→ **TASK DIRECTIONS**: Search the entries below for the word "split", then copy each line in which it is found.

[Stored items]
____
lemma finite_set_pmf_snd_refinement:
  assumes "detailing \<mu> A \<xi>" "refinement \<xi> B \<xi>'"
  shows "finite (set_pmf (map_pmf snd \<xi>'))"
proof (rule finite_subset)
  show "set_pmf (map_pmf snd \<xi>') \<subseteq> A \<times> B"
    using assms map_fst_snd_refinement[OF assms(2)]
    unfolding detailing_def refinement_def by force
  show "finite (A \<times> B)"
    using assms by (simp add: detailing_def refinement_def)
qed

lemma Ind_map_snd_inj:
  fixes \<zeta> :: "(('n::finite \<Rightarrow> bool) \<times> 'c) pmf" and g :: "'c \<Rightarrow> 'd"
  assumes inj: "inj_on g (set_pmf (map_pmf snd \<zeta>))"
  shows "Ind (map_pmf (\<lambda>(x, c). (x, g c)) \<zeta>) = Ind \<zeta>"
proof -
  let ?h = "\<lambda>(x, c). (x, g c)"
  have pmf_h: "pmf (map_pmf ?h \<zeta>) (x, g c) = pmf \<zeta> (x, c)"
    if "c \<in> set_pmf (map_pmf snd \<zeta>)" for x c
  proof -
    have "?h -` {(x, g c)} \<inter> set_pmf \<zeta> = {(x, c)} \<inter> set_pmf \<zeta>"
      using inj that by (force simp: inj_on_def)
    then have "measure_pmf.prob \<zeta> (?h -` {(x, g c)}) = measure_pmf.prob \<zeta> {(x, c)}"
      by (metis measure_Int_set_pmf)
    then show ?thesis
      by (simp add: pmf_map measure_pmf_single)
  qed
  have type_h: "type_of (map_pmf ?h \<zeta>) i (g c) = type_of \<zeta> i c"
    if "c \<in> set_pmf (map_pmf snd \<zeta>)" for i c
    using that by (simp add: type_of_eq_sum pmf_map_snd_eq_sum pmf_h)
  have snd_h: "map_pmf snd (map_pmf ?h \<zeta>) = map_pmf g (map_pmf snd \<zeta>)"
    by (simp add: map_pmf_comp case_prod_beta)
  have "measure_pmf.expectation (map_pmf snd (map_pmf ?h \<zeta>)) (\<lambda>c. (type_of (map_pmf ?h \<zeta>) i c)\<^sup>2)
      = measure_pmf.expectation (map_pmf snd \<zeta>) (\<lambda>c. (type_of \<zeta> i c)\<^sup>2)" for i
    unfolding snd_h integral_map_pmf
    by (rule integral_cong_AE) (simp_all add: type_h AE_measure_pmf_iff)
  then show ?thesis
    unfolding Ind_def by simp
qed

text \<open>The definition of robust only quantifies over label sets of naturals; an arbitrary
finite B is transported there injectively, which leaves the index unchanged.\<close>

lemma robust_Ind_refinement_le:
  fixes \<xi> :: "(('n::finite \<Rightarrow> bool) \<times> 'a) pmf" and \<xi>' :: "(('n \<Rightarrow> bool) \<times> 'a \<times> 'b) pmf"
  assumes rob: "robust \<delta> l \<xi>" and card: "card B \<le> l" and ref: "refinement \<xi> B \<xi>'"
  shows "Ind \<xi>' \<le> Ind \<xi> + \<delta>"
proof -
  have fin: "finite B" using ref by (simp add: refinement_def)
  then obtain f :: "'b \<Rightarrow> nat" where inj: "inj_on f B"
    using finite_imp_inj_to_nat_seg by blast
  define \<xi>'' where "\<xi>'' = map_pmf (\<lambda>(x, c). (x, apsnd f c)) \<xi>'"
  have B_supp: "b \<in> B" if "(a, b) \<in> set_pmf (map_pmf snd \<xi>')" for a b
    using ref that by (force simp: refinement_def)
  have "refinement \<xi> (f ` B) \<xi>''"
    using ref fin unfolding refinement_def \<xi>''_def
    by (auto simp: map_pmf_comp case_prod_beta intro!: map_pmf_cong)
  moreover have "card (f ` B) \<le> l"
    using card card_image_le[OF fin] le_trans by blast
  ultimately have "Ind \<xi>'' \<le> Ind \<xi> + \<delta>"
    using rob fin unfolding robust_def by blast
  moreover have "inj_on (apsnd f) (set_pmf (map_pmf snd \<xi>'))"
  proof (rule inj_onI)
    fix c c' assume "c \<in> set_pmf (map_pmf snd \<xi>')" "c' \<in> set_pmf (map_pmf snd \<xi>')" "apsnd f c = apsnd f c'"
    then show "c = c'"
      using inj B_supp by (cases c, cases c') (auto simp: inj_on_def)
  qed
  then have "Ind \<xi>'' = Ind \<xi>'"
    unfolding \<xi>''_def by (rule Ind_map_snd_inj)
  ultimately show ?thesis by simp
qed

lemma Ind_refinement_eq:
  fixes \<xi> :: "(('n::finite \<Rightarrow> bool) \<times> 'a) pmf" and \<xi>' :: "(('n \<Rightarrow> bool) \<times> 'a \<times> 'b) pmf"
  assumes ref: "refinement \<xi> B \<xi>'" and fin: "finite (set_pmf (map_pmf snd \<xi>'))"
  shows "Ind \<xi>' - Ind \<xi> = measure_pmf.expectation (pmf_of_set UNIV) (\<lambda>i.
           measure_pmf.expectation (map_pmf snd \<xi>') (\<lambda>c. (type_of \<xi>' i c - type_of \<xi> i (fst c))\<^sup>2))"
proof -
  define \<eta> where "\<eta> = map_pmf snd \<xi>'"
  have proj: "map_pmf (\<lambda>(x, a, b). (x, a)) \<xi>' = \<xi>"
    using ref by (simp add: refinement_def)
  have marg: "map_pmf fst \<eta> = map_pmf snd \<xi>"
    unfolding \<eta>_def by (rule map_fst_snd_refinement[OF ref])
  have fin_\<eta>: "finite (set_pmf \<eta>)" and fin_\<xi>: "finite (set_pmf (map_pmf snd \<xi>))"
    using fin unfolding \<eta>_def marg[symmetric] by simp_all
  have pythagoras: "measure_pmf.expectation \<eta> (\<lambda>c. (type_of \<xi>' i c - type_of \<xi> i (fst c))\<^sup>2)
      = measure_pmf.expectation \<eta> (\<lambda>c. (type_of \<xi>' i c)\<^sup>2)
        - measure_pmf.expectation (map_pmf snd \<xi>) (\<lambda>a. (type_of \<xi> i a)\<^sup>2)" for i
  proof -
    have cross: "measure_pmf.expectation \<eta> (\<lambda>c. type_of \<xi>' i c * type_of \<xi> i (fst c))
        = measure_pmf.expectation (map_pmf snd \<xi>) (\<lambda>a. (type_of \<xi> i a)\<^sup>2)"
    proof -
      have "measure_pmf.expectation \<eta> (\<lambda>c. type_of \<xi>' i c * type_of \<xi> i (fst c))
          = measure_pmf.expectation \<xi>' (\<lambda>p. if fst p i then type_of \<xi> i (fst (snd p)) else 0)"
        unfolding \<eta>_def using fin by (rule expectation_type_of_mult) simp
      also have "\<dots> = measure_pmf.expectation (map_pmf (\<lambda>(x, a, b). (x, a)) \<xi>')
                         (\<lambda>p. if fst p i then type_of \<xi> i (snd p) else 0)"
        unfolding integral_map_pmf by (rule Bochner_Integration.integral_cong) (auto split: prod.splits)
      also have "\<dots> = measure_pmf.expectation \<xi> (\<lambda>p. if fst p i then type_of \<xi> i (snd p) else 0)"
        by (simp only: proj)
      also have "\<dots> = measure_pmf.expectation (map_pmf snd \<xi>) (\<lambda>a. type_of \<xi> i a * type_of \<xi> i a)"
        using fin_\<xi> by (rule expectation_type_of_mult[symmetric]) simp
      finally show ?thesis by (simp add: power2_eq_square)
    qed
    have "measure_pmf.expectation \<eta> (\<lambda>c. (type_of \<xi> i (fst c))\<^sup>2)
        = measure_pmf.expectation (map_pmf snd \<xi>) (\<lambda>a. (type_of \<xi> i a)\<^sup>2)"
      unfolding marg[symmetric] by simp
    moreover have "measure_pmf.expectation \<eta> (\<lambda>c. (type_of \<xi>' i c - type_of \<xi> i (fst c))\<^sup>2)
      = measure_pmf.expectation \<eta> (\<lambda>c. (type_of \<xi>' i c)\<^sup>2)
        - 2 * measure_pmf.expectation \<eta> (\<lambda>c. type_of \<xi>' i c * type_of \<xi> i (fst c))
        + measure_pmf.expectation \<eta> (\<lambda>c. (type_of \<xi> i (fst c))\<^sup>2)"
    proof -
      have "(\<lambda>c. (type_of \<xi>' i c - type_of \<xi> i (fst c))\<^sup>2)
          = (\<lambda>c. (type_of \<xi>' i c)\<^sup>2 - 2 * (type_of \<xi>' i c * type_of \<xi> i (fst c)) + (type_of \<xi> i (fst c))\<^sup>2)"
        by (simp add: power2_diff algebra_simps)
      then show ?thesis
        by (simp add: integrable_measure_pmf_finite[OF fin_\<eta>])
    qed
    ultimately show ?thesis
      using cross by simp
  qed
  have "Ind \<xi>' - Ind \<xi> = measure_pmf.expectation (pmf_of_set UNIV) (\<lambda>i.
      measure_pmf.expectation \<eta> (\<lambda>c. (type_of \<xi>' i c)\<^sup>2)
      - measure_pmf.expectation (map_pmf snd \<xi>) (\<lambda>a. (type_of \<xi> i a)\<^sup>2))"
    unfolding Ind_def \<eta>_def
    by (rule Bochner_Integration.integral_diff[symmetric]) (simp_all add: integrable_measure_pmf_finite)
  then show ?thesis
    unfolding \<eta>_def[symmetric] pythagoras .
qed

lemma d_EM_le_coupling:
  assumes "\<And>x y. 0 \<le> d x y" "map_pmf fst \<gamma> = P" "map_pmf snd \<gamma> = Q"
  shows "d_EM d P Q \<le> measure_pmf.expectation \<gamma> (\<lambda>(x, y). d x y)"
  unfolding d_EM_def
proof (rule cInf_lower)
  show "measure_pmf.expectation \<gamma> (\<lambda>(x, y). d x y)
      \<in> {measure_pmf.expectation \<gamma> (\<lambda>(x, y). d x y) | \<gamma>. map_pmf fst \<gamma> = P \<and> map_pmf snd \<gamma> = Q}"
    using assms(2,3) by blast
  show "bdd_below {measure_pmf.expectation \<gamma> (\<lambda>(x, y). d x y) | \<gamma>. map_pmf fst \<gamma> = P \<and> map_pmf snd \<gamma> = Q}"
    by (rule bdd_belowI[where m = 0]) (auto intro!: integral_nonneg simp: assms(1) split: prod.splits)
qed
lemma indep_Y_events: "indep_sets (\<lambda>u. {Y u -` C \<inter> space M | C. C \<in> sets PS}) UNIV"
proof -
  have "indep_vars (\<lambda>_. PS) Y UNIV"
    using X_indep by (simp add: Y_def[abs_def])
  then show ?thesis
    unfolding indep_vars_def by (elim conjE indep_sets_mono_sets) auto
qed

lemma Inter_Y_events:
  assumes K: "finite K" "K \<noteq> {}" and C: "\<And>u. u \<in> K \<Longrightarrow> C u \<in> sets PS"
  shows "(\<Inter>u\<in>K. Y u -` C u \<inter> space M)
    \<in> {(\<lambda>w u. Y u w) -` D \<inter> space M | D. D \<in> sets (PiM UNIV (\<lambda>_. PS))}"
proof -
  define D where "D = (\<Inter>u\<in>K. (\<lambda>f. f u) -` C u \<inter> space (PiM UNIV (\<lambda>_. PS)))"
  have "D \<in> sets (PiM UNIV (\<lambda>_. PS))"
    unfolding D_def using K C
    by (intro sets.finite_INT measurable_sets[OF measurable_component_singleton]) auto
  moreover have "(\<lambda>u. Y u w) \<in> space (PiM UNIV (\<lambda>_. PS))" if "w \<in> space M" for w
    by (subst space_PiM) (rule PiE_I, rule measurable_space[OF measurable_Y that], simp)
  then have "(\<Inter>u\<in>K. Y u -` C u \<inter> space M) = (\<lambda>w u. Y u w) -` D \<inter> space M"
    using K(2) by (auto simp: D_def)
  ultimately show ?thesis
    by blast
qed

lemma indep_source_events: "indep_sets source_events UNIV"
  unfolding source_events_def
proof (rule indep_sets_case_option[OF indep_Y_events])
  show "{R -` B \<inter> space M | B. B \<in> sets MR} \<subseteq> events"
    using R_meas by (auto simp: measurable_sets)
next
  fix K B g
  assume K: "finite K" "K \<noteq> {}" and B: "\<And>v. v \<in> K \<Longrightarrow> B v \<in> {Y v -` C \<inter> space M | C. C \<in> sets PS}"
    and g: "g \<in> {R -` B \<inter> space M | B. B \<in> sets MR}"
  have "\<forall>v\<in>K. \<exists>C. C \<in> sets PS \<and> B v = Y v -` C \<inter> space M"
    using B by blast
  then obtain C where C: "\<And>v. v \<in> K \<Longrightarrow> C v \<in> sets PS \<and> B v = Y v -` C v \<inter> space M"
    by metis
  then have "(\<Inter>v\<in>K. B v) \<in> {(\<lambda>w u. Y u w) -` D \<inter> space M | D. D \<in> sets (PiM UNIV (\<lambda>_. PS))}"
    using Inter_Y_events[OF K, of C] by simp
  moreover have "indep_set {R -` B \<inter> space M | B. B \<in> sets MR}
      {(\<lambda>w u. Y u w) -` D \<inter> space M | D. D \<in> sets (PiM UNIV (\<lambda>_. PS))}"
    using R_indep by (simp add: Y_def)
  ultimately show "prob (g \<inter> (\<Inter>v\<in>K. B v)) = prob g * prob (\<Inter>v\<in>K. B v)"
    using g by (intro indep_setD) auto
qed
____
→ **ANSWER TO THIS TASK**:
        unfolding integral_map_pmf by (rule Bochner_Integration.integral_cong) (auto split: prod.splits)
    by (rule bdd_belowI[where m = 0]) (auto intro!: integral_nonneg simp: assms(1) split: prod.splits)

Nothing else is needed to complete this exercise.